PART 7
Chapter 28
It was bright and sunny. A fine rain had been falling all the
morning, and now it had not long cleared up. The iron roofs, the
flags of the roads, the flints of the pavements, the wheels and
leather, the brass and the tinplate of the carriages--all
glistened brightly in the May sunshine. It was three o'clock,
and the very liveliest time in the streets.
As she sat in a corner of the comfortable carriage, that hardly
swayed on its supple springs, while the grays trotted swiftly, in
the midst of the unceasing rattle of wheels and the changing
impressions in the pure air, Anna ran over the events of the last
days, and she saw her position quite differently from how it had
seemed at home.
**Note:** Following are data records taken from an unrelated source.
lemma norm_diff_le_on_cball:
  fixes F :: "'a::real_normed_vector \<Rightarrow> 'b::real_normed_vector"
  assumes "\<And>x. (F has_derivative blinfun_apply (DF x)) (at x)"
    and "\<And>x. norm x \<le> R \<Longrightarrow> norm (DF x) \<le> M"
    and "norm p \<le> R" "norm q \<le> R"
  shows "norm (F p - F q) \<le> M * norm (p - q)"
  using assms
  by (intro differentiable_bound[where S = "cball 0 R" and f' = "\<lambda>x. blinfun_apply (DF x)"])
    (auto intro: has_derivative_at_withinI simp: norm_blinfun.rep_eq)

lemma has_integral_indicator_subinterval:
  fixes k :: real
  assumes "a \<le> c" "c \<le> d" "d \<le> b"
  shows "((\<lambda>s. indicator {c..d} s * k) has_integral (d - c) * k) {a..b}"
proof -
  have "{c..d} \<inter> {a..b} = {c..d}" using assms by auto
  then have "((\<lambda>s. if s \<in> {c..d} then k else 0) has_integral (d - c) * k) {a..b}"
    using has_integral_const_real[of k c d] assms by (simp only: has_integral_restrict_Int) simp
  moreover have "(\<lambda>s. indicator {c..d} s * k) = (\<lambda>s. if s \<in> {c..d} then k else 0)"
    by (auto simp: indicator_def)
  ultimately show ?thesis by metis
qed

lemma norm_needle_diff_le:
  assumes "norm v \<le> \<rho>" "norm (u s) \<le> \<rho>"
  shows "norm (needle u \<tau> v \<epsilon> s - u s) \<le> indicator {\<tau> - \<epsilon>..\<tau>} s * (2 * \<rho>)"
proof (cases "s \<in> {\<tau> - \<epsilon><..\<tau>}")
  case True
  then have "norm (needle u \<tau> v \<epsilon> s - u s) \<le> norm v + norm (u s)"
    by (simp add: needle_def norm_triangle_ineq4)
  with True assms show ?thesis by simp
next
  case False
  have "0 \<le> \<rho>" using assms(1) norm_ge_zero order_trans by blast
  with False show ?thesis by (auto simp: needle_def)
qed

lemma hybrid_traj_segment:
  "hybrid_traj f g T w x0 y X \<Longrightarrow> i \<in> {1..T} \<Longrightarrow> integral_solution f w (real i - 1) (real i) (X i)"
  unfolding hybrid_traj_def integral_solution_def by blast

lemma hybrid_traj_reset:
  assumes "hybrid_traj f g T w x0 y X" "Suc n \<in> {2..T}"
  shows "X (Suc n) (real n) = g (X n (real n)) (y n)"
proof -
  have "X (Suc n) (real (Suc n) - 1) = g (X (Suc n - 1) (real (Suc n) - 1)) (y (Suc n - 1))"
    using assms unfolding hybrid_traj_def by blast
  then show ?thesis by simp
qed

lemma prod_max_one_power_le_sum:
  fixes a :: "nat \<Rightarrow> real"
  assumes a: "\<And>m. 0 \<le> a m"
  shows "(\<Prod>m\<in>{1..T}. max 1 (a m)) ^ N
    \<le> (\<Sum>js\<in>{js. set js \<subseteq> {0, N} \<and> length js = T}. \<Prod>m\<in>{1..T}. a m ^ (js ! (m - 1)))"
proof -
  \<comment> \<open>The summand with exponent N exactly where a m \<ge> 1 equals the left-hand side.\<close>
  define js where "js = map (\<lambda>k. if 1 \<le> a (Suc k) then N else 0) [0..<T]"
  have js: "js \<in> {js. set js \<subseteq> {0, N} \<and> length js = T}" by (auto simp: js_def)
  have "(\<Prod>m\<in>{1..T}. max 1 (a m)) ^ N = (\<Prod>m\<in>{1..T}. a m ^ (js ! (m - 1)))"
    unfolding prod_power_distrib by (rule prod.cong) (auto simp: js_def max_def)
  also have "\<dots> \<le> (\<Sum>js\<in>{js. set js \<subseteq> {0, N} \<and> length js = T}. \<Prod>m\<in>{1..T}. a m ^ (js ! (m - 1)))"
    using a by (intro member_le_sum[OF js] prod_nonneg zero_le_power finite_lists_length_eq) auto
  finally show ?thesis .
qed

lemma affine_power_bound_le:
  fixes Y P c E :: real
  assumes "1 \<le> Y" "0 \<le> P" "0 \<le> c" "0 \<le> E"
  shows "(P * Y ^ k + c) * E \<le> (P + c) * E * Y ^ (k + m)"
proof -
  have "Y ^ k \<le> Y ^ (k + m)" "1 \<le> Y ^ (k + m)" using assms(1) by (auto intro: power_increasing)
  then have "P * Y ^ k + c \<le> (P + c) * Y ^ (k + m)"
    using assms(2,3) mult_left_mono[of "Y ^ k" "Y ^ (k + m)" P] mult_left_mono[of 1 "Y ^ (k + m)" c]
    by (simp add: algebra_simps)
  then show ?thesis using assms(4) by (metis mult.assoc mult.commute mult_right_mono)
qed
Now the thought of death seemed no longer so
terrible and so clear to her, and death itself no longer seemed
so inevitable. Now she blamed herself for the humiliation to
which she had lowered herself. "I entreat him to forgive me. I
have given in to him. I have owned myself in fault. What for?
Can't I live without him?" And leaving unanswered the question
how she was going to live without him, she fell to reading the
signs on the shops. "Office and warehouse. Dental surgeon.
Yes, I'll tell Dolly all about it. She doesn't like Vronsky. I
shall be sick and ashamed, but I'll tell her. She loves me, and
I'll follow her advice. I won't give in to him; I won't let him
train me as he pleases. Filippov, bun shop. They say they send
their dough to Petersburg. The Moscow water is so good for it.
Ah, the springs at Mitishtchen, and the pancakes!"